Prove the following trignometric identities
√(1-cos^2 θ)/(cos^2 θ) = tanθ
(3π/2 + ϕ) = sin ϕ
For the first one, one of the
Pythagorean Identities says that \(\displaystyle sin^2(\theta) + cos^2(\theta)=1\). What does that tell you about the value of \(\displaystyle 1-cos^2(\theta)\)? Next, because of the periodicity of sine and cosine, we can safely assume that \(\displaystyle 0 \le \theta \le 2\pi\) (or \(\displaystyle 0^\circ \le \theta \le 360^\circ\)), meaning that theta is always positive. Returning to the rules you learned in algebra, what can you say about \(\displaystyle \sqrt{f^2(x)}\) if x is guaranteed to be positive? Finally, recall the basic identity that \(\displaystyle tan(\theta)=\dfrac{sin(\theta)}{cos(\theta)}\).
As for the second "identity." that's not really an identity. An identity means that the equation must hold for all values. If we plug in, say, pi/2 (90 degrees), we can see the equation doesn't hold:
\(\displaystyle \dfrac{3\pi}{2} + \dfrac{\pi}{2} = sin \left(\dfrac{\pi}{2} \right) \implies 2\pi = 1\)
Oops.
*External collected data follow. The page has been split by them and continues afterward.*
(* Exchanging the j-th training sample with a fresh copy shows that the expected generalization
   gap is the average over j of E[\<integral> loss(w, Z_j) dP_{W|S^{-j},R} - \<integral> loss(w, Z_j) dP_{W|S,R}].
   A loss with values in [a, b] moves an expectation by at most (b - a) TV between the two laws,
   and TV(P, Q) \<le> \<Psi>(D(P || Q)) follows from the Donsker-Varadhan inequality applied to t 1_A,
   which reduces to Pinsker's inequality (via Hoeffding's lemma) and to the Bretagnolle-Huber
   inequality for Bernoulli laws.
   For the expectations to make sense, TV and relative entropy between kernels into a Polish
   space are shown to be measurable by writing them as suprema over countable families: finite
   unions of basis sets (by outer regularity) and step functions on such sets (by the
   Donsker-Varadhan variational formula). *)

section \<open>The Donsker--Varadhan inequality\<close>

definition donsker_varadhan :: "'a measure \<Rightarrow> 'a measure \<Rightarrow> ('a \<Rightarrow> real) \<Rightarrow> real" where
  "donsker_varadhan P Q g = (\<integral>x. g x \<partial>P) - ln (\<integral>x. exp (g x) \<partial>Q)"

lemma AE_RN_deriv_pos:
  assumes P: "prob_space P" and Q: "prob_space Q" and sets_eq: "sets P = sets Q"
    and ac: "absolutely_continuous Q P"
  shows "AE x in P. 0 < enn2real (RN_deriv Q P x)"
proof -
  interpret P: prob_space P by fact
  interpret Q: prob_space Q by fact
  have "AE x in Q. RN_deriv Q P x \<noteq> \<infinity>"
    by (rule Q.RN_deriv_finite[OF P.sigma_finite_measure_axioms ac sets_eq])
  then have "AE x in P. RN_deriv Q P x \<noteq> \<infinity>"
    by (rule absolutely_continuous_AE[OF sets_eq ac])
  moreover have "AE x in P. RN_deriv Q P x \<noteq> 0"
    by (subst Q.density_RN_deriv[OF ac sets_eq, symmetric]) (auto simp: AE_density)
  ultimately show ?thesis
    by eventually_elim (auto simp: enn2real_positive_iff less_top zero_less_iff_neq_zero)
qed

lemma nn_integral_le_via_RN_deriv:
  assumes P: "prob_space P" and Q: "prob_space Q" and sets_eq: "sets P = sets Q"
    and ac: "absolutely_continuous Q P" and v[measurable]: "v \<in> borel_measurable Q"
    and u: "\<And>x. 0 \<le> u x"
    and le: "\<And>x. 0 < enn2real (RN_deriv Q P x) \<Longrightarrow> enn2real (RN_deriv Q P x) * v x \<le> u x"
  shows "(\<integral>\<^sup>+x. ennreal (v x) \<partial>P) \<le> (\<integral>\<^sup>+x. ennreal (u x) \<partial>Q)"
proof -
  interpret P: prob_space P by fact
  interpret Q: prob_space Q by fact
  define f where "f = RN_deriv Q P"
  have dens: "density Q f = P" unfolding f_def by (rule Q.density_RN_deriv[OF ac sets_eq])
  have "(\<integral>\<^sup>+x. ennreal (v x) \<partial>P) = (\<integral>\<^sup>+x. f x * ennreal (v x) \<partial>Q)"
    unfolding dens[symmetric] by (rule nn_integral_density) (auto simp: f_def)
  also have "\<dots> \<le> (\<integral>\<^sup>+x. ennreal (u x) \<partial>Q)"
  proof (rule nn_integral_mono_AE)
    show "AE x in Q. f x * ennreal (v x) \<le> ennreal (u x)"
      using Q.RN_deriv_finite[OF P.sigma_finite_measure_axioms ac sets_eq]
    proof eventually_elim
      case (elim x)
      then have f: "f x = ennreal (enn2real (f x))" by (simp add: f_def less_top)
      show ?case
      proof (cases "f x = 0")
        case False
        then have "0 < enn2real (f x)"
          using elim by (simp add: f_def enn2real_positive_iff less_top zero_less_iff_neq_zero)
        then have "enn2real (f x) * v x \<le> u x" using le by (simp add: f_def)
        then show ?thesis by (subst f) (simp add: ennreal_mult'[symmetric] ennreal_leI)
      qed simp
    qed
  qed
  finally show ?thesis .
qed

lemma
  fixes g :: "'a \<Rightarrow> real"
  assumes Q: "prob_space Q" and g: "g \<in> borel_measurable Q" and bnd: "\<And>x. \<bar>g x\<bar> \<le> B"
  shows integrable_exp_bounded: "integrable Q (\<lambda>x. exp (g x))"
    and exp_neg_le_integral_exp: "exp (- B) \<le> (\<integral>x. exp (g x) \<partial>Q)"
proof -
  interpret Q: prob_space Q by fact
  have bnd': "- B \<le> g x" "g x \<le> B" for x using bnd[of x] by auto
  show int: "integrable Q (\<lambda>x. exp (g x))"
    using g by (intro Q.integrable_const_bound[where B="exp B"] AE_I2) (auto simp: bnd')
  show "exp (- B) \<le> (\<integral>x. exp (g x) \<partial>Q)"
    using int by (intro Q.integral_ge_const AE_I2) (auto simp: bnd')
qed

lemma integral_exp_div_RN_deriv_le_1:
  assumes P: "prob_space P" and Q: "prob_space Q" and sets_eq: "sets P = sets Q"
    and ac: "absolutely_continuous Q P"
    and g[measurable]: "g \<in> borel_measurable Q" and bnd: "\<And>x. \<bar>g x\<bar> \<le> B"
  defines "u x \<equiv> exp (g x) / (\<integral>x. exp (g x) \<partial>Q) / enn2real (RN_deriv Q P x)"
  shows "integrable P u" and "(\<integral>x. u x \<partial>P) \<le> 1"
proof -
  have u_nonneg: "0 \<le> u x" for x by (simp add: u_def)
  have u_meas[measurable]: "u \<in> borel_measurable Q" unfolding u_def by measurable
  have "(\<integral>\<^sup>+x. ennreal (u x) \<partial>P) \<le> (\<integral>\<^sup>+x. ennreal (exp (g x) / (\<integral>x. exp (g x) \<partial>Q)) \<partial>Q)"
    by (rule nn_integral_le_via_RN_deriv[OF P Q sets_eq ac u_meas]) (auto simp: u_def)
  also have "\<dots> = ennreal (\<integral>x. exp (g x) / (\<integral>x. exp (g x) \<partial>Q) \<partial>Q)"
    using integrable_exp_bounded[OF Q g bnd] by (intro nn_integral_eq_integral) auto
  also have "(\<integral>x. exp (g x) / (\<integral>x. exp (g x) \<partial>Q) \<partial>Q) = 1"
  proof -
    have "0 < (\<integral>x. exp (g x) \<partial>Q)"
      using exp_neg_le_integral_exp[OF Q g bnd] exp_gt_zero[of "- B"] by linarith
    then show ?thesis by simp
  qed
  finally have u_le: "(\<integral>\<^sup>+x. ennreal (u x) \<partial>P) \<le> 1" by simp
  show u_int: "integrable P u"
  proof (rule integrableI_nonneg)
    show "u \<in> borel_measurable P" using u_meas by (simp add: measurable_cong_sets[OF sets_eq])
    show "(\<integral>\<^sup>+x. ennreal (u x) \<partial>P) < \<infinity>"
      using u_le ennreal_one_less_top unfolding infinity_ennreal_def by (rule le_less_trans)
  qed (simp add: u_nonneg)
  show "(\<integral>x. u x \<partial>P) \<le> 1"
    using u_le by (subst (asm) nn_integral_eq_integral[OF u_int]) (auto simp: u_nonneg)
qed

lemma donsker_varadhan_le_rel_entropy:
  assumes P: "prob_space P" and Q: "prob_space Q" and sets_eq: "sets P = sets Q"
    and g[measurable]: "g \<in> borel_measurable Q" and bnd: "\<And>x. \<bar>g x\<bar> \<le> B"
  shows "ereal (donsker_varadhan P Q g) \<le> rel_entropy P Q"
proof (cases "absolutely_continuous Q P \<and> integrable P (\<lambda>x. ln (enn2real (RN_deriv Q P x)))")
  case True
  interpret P: prob_space P by fact
  let ?F = "\<lambda>x. enn2real (RN_deriv Q P x)"
  define c where "c = ln (\<integral>x. exp (g x) \<partial>Q)"
  define u where "u x = exp (g x) / (\<integral>x. exp (g x) \<partial>Q) / ?F x" for x
  have ac: "absolutely_continuous Q P" and h_int: "integrable P (\<lambda>x. ln (?F x))"
    using True by auto
  have g_int: "integrable P g"
    using g bnd by (intro P.integrable_const_bound[where B=B] AE_I2) (auto simp: measurable_cong_sets[OF sets_eq])
  have exp_pos: "0 < (\<integral>x. exp (g x) \<partial>Q)"
    using exp_neg_le_integral_exp[OF Q g bnd] exp_gt_zero[of "- B"] by linarith
  note u = integral_exp_div_RN_deriv_le_1[OF P Q sets_eq ac g bnd, folded u_def]
  \<comment> \<open>Gibbs' inequality \<open>ln u \<le> u - 1\<close>\<close>
  have "(\<integral>x. g x - c - ln (?F x) \<partial>P) \<le> (\<integral>x. u x - 1 \<partial>P)"
  proof (rule integral_mono_AE)
    show "AE x in P. g x - c - ln (?F x) \<le> u x - 1"
      using AE_RN_deriv_pos[OF P Q sets_eq ac]
    proof eventually_elim
      case (elim x)
      then have "ln (u x) = g x - c - ln (?F x)" using exp_pos by (simp add: u_def c_def ln_div ln_mult)
      with ln_le_minus_one[of "u x"] elim exp_pos show ?case by (simp add: u_def)
    qed
  qed (use g_int h_int u in auto)
  then have "(\<integral>x. g x \<partial>P) - c - (\<integral>x. ln (?F x) \<partial>P) \<le> 0"
    using u g_int h_int by (simp add: P.prob_space)
  then show ?thesis
    using True by (simp add: rel_entropy_def donsker_varadhan_def c_def)
qed (auto simp: rel_entropy_def)

lemma rel_entropy_nonneg:
  assumes P: "prob_space P" and Q: "prob_space Q" and sets_eq: "sets P = sets Q"
  shows "0 \<le> rel_entropy P Q"
  using donsker_varadhan_le_rel_entropy[OF P Q sets_eq, of "\<lambda>_. 0" 0]
  by (simp add: donsker_varadhan_def prob_space.prob_space[OF P] prob_space.prob_space[OF Q]
      zero_ereal_def)

lemma donsker_varadhan_indicator:
  assumes P: "prob_space P" and Q: "prob_space Q" and sets_eq: "sets P = sets Q"
    and A: "A \<in> sets P"
  shows "donsker_varadhan P Q (\<lambda>x. t * indicator A x)
           = t * measure P A - ln (1 - measure Q A + measure Q A * exp t)"
proof -
  interpret Q: prob_space Q by fact
  have AQ: "A \<in> sets Q" using A sets_eq by simp
  have "(\<lambda>x. exp (t * indicator A x)) = (\<lambda>x. 1 + (exp t - 1) * indicator A x)"
    by (auto simp: indicator_def)
  then have "(\<integral>x. exp (t * indicator A x) \<partial>Q) = (\<integral>x. 1 + (exp t - 1) * indicator A x \<partial>Q)"
    by simp
  also have "\<dots> = 1 - measure Q A + measure Q A * exp t"
    using AQ by (subst Bochner_Integration.integral_add)
      (auto simp: Q.prob_space Q.emeasure_finite less_top[symmetric] algebra_simps)
  finally show ?thesis
    using A by (simp add: donsker_varadhan_def)
qed

section \<open>Pinsker and Bretagnolle--Huber bounds for total variation\<close>

lemma bernoulli_pinsker:
  fixes p q k :: real
  assumes q0: "0 \<le> q" and qp: "q < p"
    and H: "\<And>t. t * p - ln (1 - q + q * exp t) \<le> k"
  shows "(p - q)^2 \<le> k / 2"
proof -
  define t where "t = 4 * (p - q)"
  have "- t * q + ln (1 + q * (exp t - 1)) \<le> t^2 / 8"
    using Hoeffdings_lemma_aux[of t q] qp q0 by (simp add: t_def)
  moreover have "1 + q * (exp t - 1) = 1 - q + q * exp t" by (simp add: algebra_simps)
  moreover have "t * (p - q) - t^2 / 8 = 2 * (p - q)^2"
    by (simp add: t_def power2_eq_square field_simps)
  ultimately show ?thesis using H[of t] by (simp add: algebra_simps)
qed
That's not true. 6.28... does not equal 1! Perhaps revisit the problem and clarify any typos you (or possibly the book) may have made.
Solve the following trigonometric equations in the range 0 deg to 360 deg
2sec^2(ϕ) + 5 tan(ϕ) = 3
Here you'll want to use another one of the Pythagorean Identities. Namely \(\displaystyle sec^2(\phi) = tan^2(\phi)+1\). Making that substitution leaves you with a quadratic. Maybe make another substitution and let \(\displaystyle u=tan(\phi)\). Can you solve that quadratic in terms of u? Remember to back-substitute \(\displaystyle tan(\phi)\) when you're done.
Prove the hyperbolic identities
coth(x) = 2cosech(2x) + tan(x)
This is another case where what you've posted isn't actually an identity. Again, you'll need to review and correct any errors.
Given 5e^x - 4e^-x =A sinh x + B cosh x, Find A and B
For this problem, you'll need to know the definitions of hyperbolic sine and hyperbolic sine. Both those functions are defined in terms of e, as:
\(\displaystyle sinh(x)=\dfrac{e^x-e^{-x}}{2}\) and \(\displaystyle cosh(x)=\dfrac{e^x+e^{-x}}{2}\)
From the above, it follows that:
\(\displaystyle sinh(x)+cosh(x)=e^x\)
How do you think you might use this information to help solve the problem? As a hint, I'd start with the left-hand side of the equation and leave the right-hand side alone for now.